A set \(A\) is a subset of a set \(B\text{,}\) written \(A \subseteq B\text{,}\) provided every element of \(A\) is also an element of \(B\text{.}\)
The set \(B\) is sometimes called a superset of \(A\text{.}\)
We say \(A\) is a proper subset of \(B\text{,}\) written \(A \subset B\text{,}\) provided \(A \subseteq B\) and \(A \neq B\text{.}\) In other words, if every element in \(A\) is an element in \(B\text{,}\) and there is at least one element in \(B\) that is not in \(A\text{.}\)
Example1.5.2.
Let \(A = \{x \in \N \st x \lt 5\}\) and \(B = \{ x \in \N \st x^2 \lt 10\}\text{.}\) Is \(B \subseteq A\text{?}\) Is \(B\) a proper subset of \(A\text{?}\)
Solution.
We are asking whether every natural number less than 5 is also a natural number whose square is less than 10. Okay, we could just write out the elements of the sets: \(A = \{0,1,2,3,4\}\) and \(B = \{0,1,2,3\}\) (since \(3^2 = 9\) and \(4^2 = 16\)). So \(B \subseteq A\text{.}\) But \(B \neq A\text{,}\) so in fact \(B \subset A\text{.}\)

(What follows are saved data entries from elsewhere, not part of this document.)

lemma mat_differentiable_const: "A \<in> carrier_mat n n \<Longrightarrow> mat_differentiable S n (\<lambda>y. A)"
  by (simp add: mat_differentiable_def)

lemma mat_differentiableI:
  assumes "\<And>y. F y \<in> carrier_mat n n"
    and "\<And>y i j. y \<in> S \<Longrightarrow> i < n \<Longrightarrow> j < n \<Longrightarrow> (\<lambda>y. F y $$ (i,j)) differentiable (at y)"
  shows "mat_differentiable S n F"
  using assms by (simp add: mat_differentiable_def)

lemma mat_differentiable_carrier: "mat_differentiable S n F \<Longrightarrow> F y \<in> carrier_mat n n"
  by (simp add: mat_differentiable_def)

lemma mat_differentiable_dim:
  "mat_differentiable S n F \<Longrightarrow> dim_row (F y) = n"
  "mat_differentiable S n F \<Longrightarrow> dim_col (F y) = n"
  using carrier_matD[OF mat_differentiable_carrier] by blast+

lemma mat_differentiable_add:
  assumes F: "mat_differentiable S n F" and G: "mat_differentiable S n G"
  shows "mat_differentiable S n (\<lambda>y. F y + G y)"
proof (rule mat_differentiableI)
  fix y i j assume "y \<in> S" "i < n" "j < n"
  moreover have "(\<lambda>y. (F y + G y) $$ (i,j)) = (\<lambda>y. F y $$ (i,j) + G y $$ (i,j))"
    using \<open>i < n\<close> \<open>j < n\<close> by (simp add: mat_differentiable_dim[OF G])
  ultimately show "(\<lambda>y. (F y + G y) $$ (i,j)) differentiable (at y)"
    using mat_differentiable_entry[OF F] mat_differentiable_entry[OF G] by simp
qed (use mat_differentiable_carrier[OF F] mat_differentiable_carrier[OF G] in simp)

lemma mat_differentiable_diff:
  assumes F: "mat_differentiable S n F" and G: "mat_differentiable S n G"
  shows "mat_differentiable S n (\<lambda>y. F y - G y)"
proof (rule mat_differentiableI)
  fix y i j assume "y \<in> S" "i < n" "j < n"
  moreover have "(\<lambda>y. (F y - G y) $$ (i,j)) = (\<lambda>y. F y $$ (i,j) - G y $$ (i,j))"
    using \<open>i < n\<close> \<open>j < n\<close> by (simp add: mat_differentiable_dim[OF G])
  ultimately show "(\<lambda>y. (F y - G y) $$ (i,j)) differentiable (at y)"
    using mat_differentiable_entry[OF F] mat_differentiable_entry[OF G] by simp
qed (intro minus_carrier_mat mat_differentiable_carrier[OF G])
(* For $1\leq d<m$, let $U_m^d$ denote the uniform matroid of rank $d$ on $m$ elements, let $F_m^d(z)=\sum_{i=0}^{d}\binom{m}{i}z^i$ be its rank-generating function, and let $H_m^d(q):=(1-q)^{d}F_m^d\left(\frac{q}{1-q}\right)$. If $q\in\mathbb{C}$ satisfies $H_m^d(q)=0$, then $(m-d)^{-1}\leq |q|\leq d(m-1)^{-1}$. In particular, $H_m^d(q)$ is Schur quasi-stable (all its complex zeros satisfy $|q|\leq 1$), i.e. $U_m^d$ belongs to the class of set systems whose $H$-polynomial is Schur quasi-stable.
   Context: For a set system $\Omega$ of degree $d$ (maximum face size) with $f_i$ faces of size $i$, the rank-generating function is $F_\Omega(z)=\sum_{i=0}^d f_i z^i$, and the $H$-polynomial is $H_\Omega(q):=(1-q)^{d}F_\Omega\left(\frac{q}{1-q}\right)$. A polynomial is Schur quasi-stable if all its complex zeros satisfy $|q|\leq 1$. *)

theory Defs
  imports "HOL-Analysis.Analysis" "HOL-Computational_Algebra.Polynomial"
begin

definition unif_rank_gen :: "nat \<Rightarrow> nat \<Rightarrow> complex poly" where
  "unif_rank_gen m d = (\<Sum>i\<le>d. monom (of_nat (m choose i)) i)"

text \<open>H-polynomial (1-q)^d F(q/(1-q)), written out as the polynomial
  sum_{i=0}^d f_i q^i (1-q)^(d-i) with f_i the coefficients of F, which equals it for all q with q \<noteq> 1.\<close>
definition unif_H :: "nat \<Rightarrow> nat \<Rightarrow> complex poly" where
  "unif_H m d = (\<Sum>i\<le>d. smult (coeff (unif_rank_gen m d) i) ([:0, 1:] ^ i * [:1, -1:] ^ (d - i)))"

definition schur_quasi_stable :: "complex poly \<Rightarrow> bool" where
  "schur_quasi_stable p \<longleftrightarrow> (\<forall>q. poly p q = 0 \<longrightarrow> cmod q \<le> 1)"


end

(* With k = m - d - 1, Pascal's rule and induction on d turn the H-polynomial of U_m^d into
   H(q) = sum_{j<=d} C(k+j, j) q^j, the degree-d truncation of (1 - q)^-(k+1).  The ratios
   (j+1) / (k+j+1) of consecutive coefficients increase from 1/(k+1) to d/(k+d), so the
   Enestrom-Kakeya theorem confines all zeros to the annulus 1/(k+1) <= |q| <= d/(k+d). *)

theory Submission imports Defs begin

lemma one_minus_mult_power_sum:
  fixes c :: "nat \<Rightarrow> 'a::comm_ring_1"
  shows "(1 - z) * (\<Sum>i\<le>d. c i * z ^ i) =
    c 0 + (\<Sum>i<d. (c (Suc i) - c i) * z ^ Suc i) - c d * z ^ Suc d"
  by (induction d) (simp_all add: algebra_simps)

lemma power_sum_reverse:
  fixes c :: "nat \<Rightarrow> 'a::field"
  assumes "z \<noteq> 0"
  shows "(\<Sum>i\<le>d. c i * z ^ i) = z ^ d * (\<Sum>i\<le>d. c (d - i) * inverse z ^ i)"
proof -
  have "(\<Sum>i\<le>d. c i * z ^ i) = (\<Sum>i\<le>d. c (d - i) * z ^ (d - i))"
    using sum.atLeastAtMost_rev[of "\<lambda>i. c i * z ^ i" 0 d] by (simp add: atLeast0AtMost)
  also have "\<dots> = (\<Sum>i\<le>d. z ^ d * (c (d - i) * inverse z ^ i))"
    using assms by (intro sum.cong) (auto simp: power_diff power_inverse field_simps)
  finally show ?thesis by (simp add: sum_distrib_left)
qed

lemma enestrom_kakeya_monotone:
  fixes a :: "nat \<Rightarrow> real" and z :: "'a::real_normed_field"
  assumes pos: "\<And>i. i \<le> d \<Longrightarrow> 0 < a i"
    and mono: "\<And>i. i < d \<Longrightarrow> a i \<le> a (Suc i)"
    and root: "(\<Sum>i\<le>d. of_real (a i) * z ^ i) = 0"
  shows "norm z \<le> 1"
proof (rule ccontr)
  \<comment> \<open>Multiplying the root equation by 1 - z writes a_d z^(d+1) as a combination of lower powers
     with nonnegative coefficients summing to a_d, which is too small once |z| > 1.\<close>
  assume "\<not> norm z \<le> 1"
  then have z: "1 < norm z" by simp
  have eq: "of_real (a d) * z ^ Suc d = of_real (a 0) + (\<Sum>i<d. of_real (a (Suc i) - a i) * z ^ Suc i)"
    using one_minus_mult_power_sum[of z "\<lambda>i. of_real (a i)" d] root by (simp add: algebra_simps)
  have term_le: "norm (of_real (a (Suc i) - a i) * z ^ Suc i) \<le> (a (Suc i) - a i) * norm z ^ d"
    if "i < d" for i
  proof -
    have "norm z ^ Suc i \<le> norm z ^ d" using z that by (intro power_increasing) auto
    then show ?thesis
      using mono[OF that] by (simp add: norm_mult norm_power mult_left_mono del: of_real_diff)
  qed
  have "a d * norm z ^ Suc d = norm (of_real (a d) * z ^ Suc d)"
    using pos[of d] by (simp add: norm_mult norm_power)
  also have "\<dots> \<le> norm (of_real (a 0) :: 'a) + (\<Sum>i<d. norm (of_real (a (Suc i) - a i) * z ^ Suc i))"
    unfolding eq by (intro order.trans[OF norm_triangle_ineq] add_left_mono norm_sum)
  also have "\<dots> \<le> a 0 * norm z ^ d + (\<Sum>i<d. (a (Suc i) - a i) * norm z ^ d)"
    using pos[of 0] z term_le by (intro add_mono sum_mono) (auto simp: one_le_power)
  also have "\<dots> = a d * norm z ^ d"
    by (simp only: sum_distrib_right[symmetric] sum_lessThan_telescope) (simp add: algebra_simps)
  also have "\<dots> < a d * norm z ^ Suc d"
    using pos[of d] z by (intro mult_strict_left_mono power_strict_increasing) auto
  finally show False by simp
qed

theorem enestrom_kakeya_upper:
  fixes a :: "nat \<Rightarrow> real" and z :: "'a::real_normed_field"
  assumes pos: "\<And>i. i \<le> d \<Longrightarrow> 0 < a i" and "0 < R"
    and step: "\<And>i. i < d \<Longrightarrow> a i \<le> R * a (Suc i)"
    and root: "(\<Sum>i\<le>d. of_real (a i) * z ^ i) = 0"
  shows "norm z \<le> R"
proof -
  define b where "b i = a i * R ^ i" for i
  have "(\<Sum>i\<le>d. of_real (b i) * (z / of_real R) ^ i) = (\<Sum>i\<le>d. of_real (a i) * z ^ i)"
    using \<open>0 < R\<close> by (intro sum.cong) (auto simp: b_def power_divide)
  then have "norm (z / of_real R) \<le> 1"
    using pos step \<open>0 < R\<close> root
    by (intro enestrom_kakeya_monotone[of d b]) (auto simp: b_def mult_right_mono mult.assoc mult.left_commute)
  then show ?thesis
    using \<open>0 < R\<close> by (simp add: norm_divide)
qed

theorem enestrom_kakeya_lower:
  fixes a :: "nat \<Rightarrow> real" and z :: "'a::real_normed_field"
  assumes pos: "\<And>i. i \<le> d \<Longrightarrow> 0 < a i" and "0 < r"
    and step: "\<And>i. i < d \<Longrightarrow> r * a (Suc i) \<le> a i"
    and root: "(\<Sum>i\<le>d. of_real (a i) * z ^ i) = 0"
  shows "r \<le> norm z"
proof -
  have "z \<noteq> 0"
    using root pos[of 0] by (cases d) (auto simp: sum.atMost_Suc_shift)
  \<comment> \<open>The reversed polynomial has root 1/z and coefficient ratios bounded by 1/r.\<close>
  then have "(\<Sum>i\<le>d. of_real (a (d - i)) * inverse z ^ i) = 0"
    using root power_sum_reverse[of z "\<lambda>i. of_real (a i)" d] by simp
  moreover have "a (d - i) \<le> inverse r * a (d - Suc i)" if "i < d" for i
    using step[of "d - Suc i"] that \<open>0 < r\<close> by (simp add: Suc_diff_Suc field_simps)
  ultimately have "norm (inverse z) \<le> inverse r"
    using pos \<open>0 < r\<close> by (intro enestrom_kakeya_upper[of d "\<lambda>i. a (d - i)"]) auto
  then show ?thesis
    using \<open>0 < r\<close> \<open>z \<noteq> 0\<close> by (simp add: norm_inverse inverse_le_iff_le)
qed

lemma binomial_weighted_sum_Suc:
  fixes q :: "'a::comm_ring_1"
  shows "(\<Sum>i\<le>Suc d. of_nat (Suc N choose i) * q ^ i * (1 - q) ^ (Suc d - i)) =
    (\<Sum>i\<le>d. of_nat (N choose i) * q ^ i * (1 - q) ^ (d - i)) + of_nat (N choose Suc d) * q ^ Suc d"
proof -
  define G where "G n e = (\<Sum>i\<le>e. of_nat (n choose i) * q ^ i * (1 - q) ^ (e - i))" for n e
  have shift: "G n (Suc d) = (1 - q) ^ Suc d + (\<Sum>i\<le>d. of_nat (n choose Suc i) * q ^ Suc i * (1 - q) ^ (d - i))"
    for n unfolding G_def by (subst sum.atMost_Suc_shift) simp
  have pascal: "G (Suc N) (Suc d) = G N (Suc d) + q * G N d"
    unfolding shift by (simp add: G_def sum.distrib sum_distrib_left algebra_simps)
  have "G N (Suc d) = (\<Sum>i\<le>d. of_nat (N choose i) * q ^ i * (1 - q) ^ (Suc d - i))
      + of_nat (N choose Suc d) * q ^ Suc d"
    unfolding G_def by simp
  also have "(\<Sum>i\<le>d. of_nat (N choose i) * q ^ i * (1 - q) ^ (Suc d - i)) = (1 - q) * G N d"
    unfolding G_def sum_distrib_left by (intro sum.cong) (auto simp: Suc_diff_le)
  finally have "G (Suc N) (Suc d) = G N d + of_nat (N choose Suc d) * q ^ Suc d"
    unfolding pascal by (simp add: algebra_simps)
  then show ?thesis
    unfolding G_def .
qed

lemma binomial_weighted_sum_eq_diagonal_sum:
  fixes q :: "'a::comm_ring_1"
  shows "(\<Sum>i\<le>d. of_nat (k + 1 + d choose i) * q ^ i * (1 - q) ^ (d - i)) =
    (\<Sum>j\<le>d. of_nat (k + j choose j) * q ^ j)"
proof (induction d)
  case 0
  then show ?case by simp
next
  case (Suc d)
  have "(\<Sum>i\<le>Suc d. of_nat (k + 1 + Suc d choose i) * q ^ i * (1 - q) ^ (Suc d - i)) =
      (\<Sum>i\<le>Suc d. of_nat (Suc (k + 1 + d) choose i) * q ^ i * (1 - q) ^ (Suc d - i))"
    by simp
  also have "\<dots> = (\<Sum>j\<le>d. of_nat (k + j choose j) * q ^ j) + of_nat (k + 1 + d choose Suc d) * q ^ Suc d"
    unfolding binomial_weighted_sum_Suc Suc.IH ..
  also have "\<dots> = (\<Sum>j\<le>Suc d. of_nat (k + j choose j) * q ^ j)"
    by simp
  finally show ?case .
qed

lemma poly_unif_H:
  assumes "d < m"
  shows "poly (unif_H m d) q = (\<Sum>j\<le>d. of_nat (m - d - 1 + j choose j) * q ^ j)"
proof -
  have coeff: "coeff (unif_rank_gen m d) i = of_nat (m choose i)" if "i \<le> d" for i
    using that by (simp add: unif_rank_gen_def coeff_sum coeff_monom)
  have "poly (unif_H m d) q = (\<Sum>i\<le>d. of_nat (m choose i) * q ^ i * (1 - q) ^ (d - i))"
    unfolding unif_H_def poly_sum by (intro sum.cong) (auto simp: coeff poly_power)
  also have "\<dots> = (\<Sum>j\<le>d. of_nat (m - d - 1 + j choose j) * q ^ j)"
    using binomial_weighted_sum_eq_diagonal_sum[where k = "m - d - 1" and d = d] assms by simp
  finally show ?thesis .
qed

lemma binomial_diagonal_Suc_le:
  "(k + Suc j choose Suc j) \<le> Suc k * (k + j choose j)"
proof -
  have "Suc j * (k + Suc j choose Suc j) = (k + Suc j) * (k + j choose j)"
    using Suc_times_binomial[of j "k + j"] by simp
  also have "\<dots> \<le> (Suc j * Suc k) * (k + j choose j)"
    by (intro mult_right_mono) auto
  finally show ?thesis by (simp only: mult.assoc mult_le_cancel1)
qed

lemma binomial_diagonal_le_Suc:
  assumes "j < d"
  shows "(k + d) * (k + j choose j) \<le> d * (k + Suc j choose Suc j)"
proof -
  have "Suc j * ((k + d) * (k + j choose j)) = (Suc j * (k + d)) * (k + j choose j)"
    by (rule mult.assoc[symmetric])
  also have "\<dots> \<le> ((k + Suc j) * d) * (k + j choose j)"
    using assms mult_right_mono[of "Suc j" d k] by (intro mult_right_mono) (auto simp: algebra_simps)
  also have "\<dots> = Suc j * (d * (k + Suc j choose Suc j))"
    using Suc_times_binomial[of j "k + j"] by (metis add_Suc_right mult.assoc mult.commute)
  finally show ?thesis by (simp only: mult_le_cancel1)
qed

theorem proposition6p3:
  fixes m d :: nat
  assumes "1 \<le> d" and "d < m"
  shows "(\<forall>q::complex. poly (unif_H m d) q = 0 \<longrightarrow>
            1 / real (m - d) \<le> cmod q \<and> cmod q \<le> real d / real (m - 1))
         \<and> schur_quasi_stable (unif_H m d)"
proof -
  define k where "k = m - d - 1"
  define a where "a j = real (k + j choose j)" for j
  have bounds: "1 / real (Suc k) \<le> cmod q \<and> cmod q \<le> real d / real (k + d)"
    if "poly (unif_H m d) q = 0" for q
  proof -
    have root: "(\<Sum>j\<le>d. of_real (a j) * q ^ j) = 0"
      using that poly_unif_H[OF \<open>d < m\<close>] by (simp add: a_def k_def)
    have "1 / real (Suc k) * a (Suc j) \<le> a j" for j
      using binomial_diagonal_Suc_le[of k j] by (simp add: a_def field_simps flip: of_nat_mult)
    moreover have "a j \<le> real d / real (k + d) * a (Suc j)" if "j < d" for j
      using binomial_diagonal_le_Suc[OF that, of k] assms
      by (simp add: a_def field_simps flip: of_nat_mult)
    ultimately show ?thesis
      using root assms
      by (auto intro: enestrom_kakeya_lower[of d a] enestrom_kakeya_upper[of d a] simp: a_def)
  qed
  have "m - d = Suc k" "m - 1 = k + d"
    using assms by (simp_all add: k_def)
  moreover have "real d / real (k + d) \<le> 1"
    using assms by (simp add: divide_le_eq_1)
  ultimately show ?thesis
    unfolding schur_quasi_stable_def using bounds by (metis order_trans)
qed

end
section \<open>Monotonicity of absolutely continuous functions\<close>

lemma last_crossing:
  fixes \<phi> :: "real \<Rightarrow> real"
  assumes cont: "continuous_on {a..b} \<phi>" and c: "\<phi> b < c" "c \<le> \<phi> a" and ab: "a \<le> b"
  obtains t0 where "t0 \<in> {a..<b}" "\<phi> t0 = c" "\<And>t. t \<in> {t0<..b} \<Longrightarrow> \<phi> t < c"
proof -
  define T where "T = {t\<in>{a..b}. c \<le> \<phi> t}"
  have "T = {a..b} \<inter> \<phi> -` {c..}" by (auto simp: T_def)
  then have "closed T"
    using continuous_closed_preimage[OF cont closed_atLeastAtMost closed_atLeast] by simp
  moreover have "a \<in> T" "bdd_above T" using c ab by (auto simp: T_def intro: bdd_aboveI[of _ b])
  ultimately have t0: "Sup T \<in> T" using closed_contains_Sup by blast
  have after: "\<phi> t < c" if "t \<in> {Sup T<..b}" for t
  proof (rule ccontr)
    assume "\<not> \<phi> t < c"
    then have "t \<in> T" using that t0 by (auto simp: T_def)
    then show False using cSup_upper[OF _ \<open>bdd_above T\<close>] that by fastforce
  qed
  have ab': "Sup T \<in> {a..<b}" using t0 c(1) by (cases "Sup T = b") (auto simp: T_def)
  have "\<phi> (Sup T) \<le> c"
  proof (rule ccontr)
    assume "\<not> \<phi> (Sup T) \<le> c"
    moreover have "Sup T \<in> {a..b}" using ab' by simp
    ultimately obtain d where d: "d > 0"
      "\<And>x. x \<in> {a..b} \<Longrightarrow> dist x (Sup T) < d \<Longrightarrow> dist (\<phi> x) (\<phi> (Sup T)) < \<phi> (Sup T) - c"
      using cont[unfolded continuous_on_iff, rule_format, of "Sup T" "\<phi> (Sup T) - c"] by auto
    define s where "s = min b (Sup T + d/2)"
    have "s \<in> {Sup T<..b}" "dist s (Sup T) < d" using ab' d(1) by (auto simp: s_def dist_real_def)
    then show False using d(2)[of s] after[of s] ab' by (auto simp: dist_real_def)
  qed
  then show thesis using that[OF ab' _ after] t0 by (auto simp: T_def)
qed

(* Every value strictly between \<phi> b and \<phi> a is taken at a last crossing point, where the
   derivative cannot be positive; so these values form the image of a null set. *)
lemma abs_cont_on_le_if_deriv_pos:
  fixes \<phi> :: "real \<Rightarrow> real"
  assumes ac: "abs_cont_on a b \<phi>" and ab: "a \<le> b" and N: "negligible N"
    and der: "\<And>t. t \<in> {a<..<b} - N \<Longrightarrow> \<exists>D>0. (\<phi> has_real_derivative D) (at t)"
  shows "\<phi> a \<le> \<phi> b"
proof (rule ccontr)
  assume "\<not> \<phi> a \<le> \<phi> b"
  have "{\<phi> b<..<\<phi> a} \<subseteq> \<phi> ` (N \<inter> {a<..<b})"
  proof
    fix c assume c: "c \<in> {\<phi> b<..<\<phi> a}"
    then have "\<phi> b < c" "c \<le> \<phi> a" by auto
    then obtain t0 where t0: "t0 \<in> {a..<b}" "\<phi> t0 = c" "\<And>t. t \<in> {t0<..b} \<Longrightarrow> \<phi> t < c"
      by (rule last_crossing[OF abs_cont_on_imp_continuous_on[OF ac] _ _ ab]) (rule that)
    have "t0 \<noteq> a" using t0(2) c by auto
    moreover have "t0 \<in> N"
    proof (rule ccontr)
      assume "t0 \<notin> N"
      then have "t0 \<in> {a<..<b} - N" using t0(1) \<open>t0 \<noteq> a\<close> by auto
      then obtain D where "D > 0" "(\<phi> has_real_derivative D) (at t0)" using der by blast
      then obtain d where d: "d > 0" "\<forall>h>0. h < d \<longrightarrow> \<phi> t0 < \<phi> (t0 + h)"
        using DERIV_pos_inc_right by blast
      define h where "h = min (d/2) (b - t0)"
      have "h > 0" "h < d" "t0 + h \<in> {t0<..b}" using d(1) t0(1) by (auto simp: h_def)
      then show False using d(2) t0(2,3) by force
    qed
    ultimately show "c \<in> \<phi> ` (N \<inter> {a<..<b})" using t0 by force
  qed
  moreover have "negligible (\<phi> ` (N \<inter> {a<..<b}))"
    by (rule negligible_image_abs_cont[OF ac]) (auto intro: negligible_subset[OF N])
  ultimately have "negligible {\<phi> b<..<\<phi> a}" using negligible_subset by blast
  then have "measure lebesgue {\<phi> b<..<\<phi> a} = 0" by (rule negligible_imp_measure0)
  then show False using \<open>\<not> \<phi> a \<le> \<phi> b\<close> by simp
qed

The sets in the example above were small, and it is easy enough to write down the elements of the sets. However, we can also prove subset relationships between sets if this isn’t practical or even possible (perhaps the sets are infinite). Let’s look carefully at how we could have reasoned about the example above.
We claimed that every element of \(B\) was also an element of \(A\text{.}\) Another way to say this: For all numbers \(n\text{,}\)if\(n\) is an element of \(B\text{,}\)then\(n\) is also an element of \(A\text{.}\) Recognizing this as a conditional statement, we can proceed to give a direct, contrapositive, or contradiction proof of the fact. Here a direct proof would be perfectly acceptable. Let’s try it:
Proof.
Let \(n\) be an element of the set \(B\text{.}\) Then \(n^2 \lt 10\text{,}\) by the definition of \(B\text{.}\) Since \(4^2 = 16\text{,}\) we must have that \(n \lt 4\text{.}\) By the definition of \(A\text{,}\) and the fact that \(4 \lt 5\text{,}\) we see that \(n \in A\text{.}\)
To be clear, this proof is way more than we would normally do for this example, but its format should be illuminating. Proving that one set is a subset of another is really the same as proving an implication!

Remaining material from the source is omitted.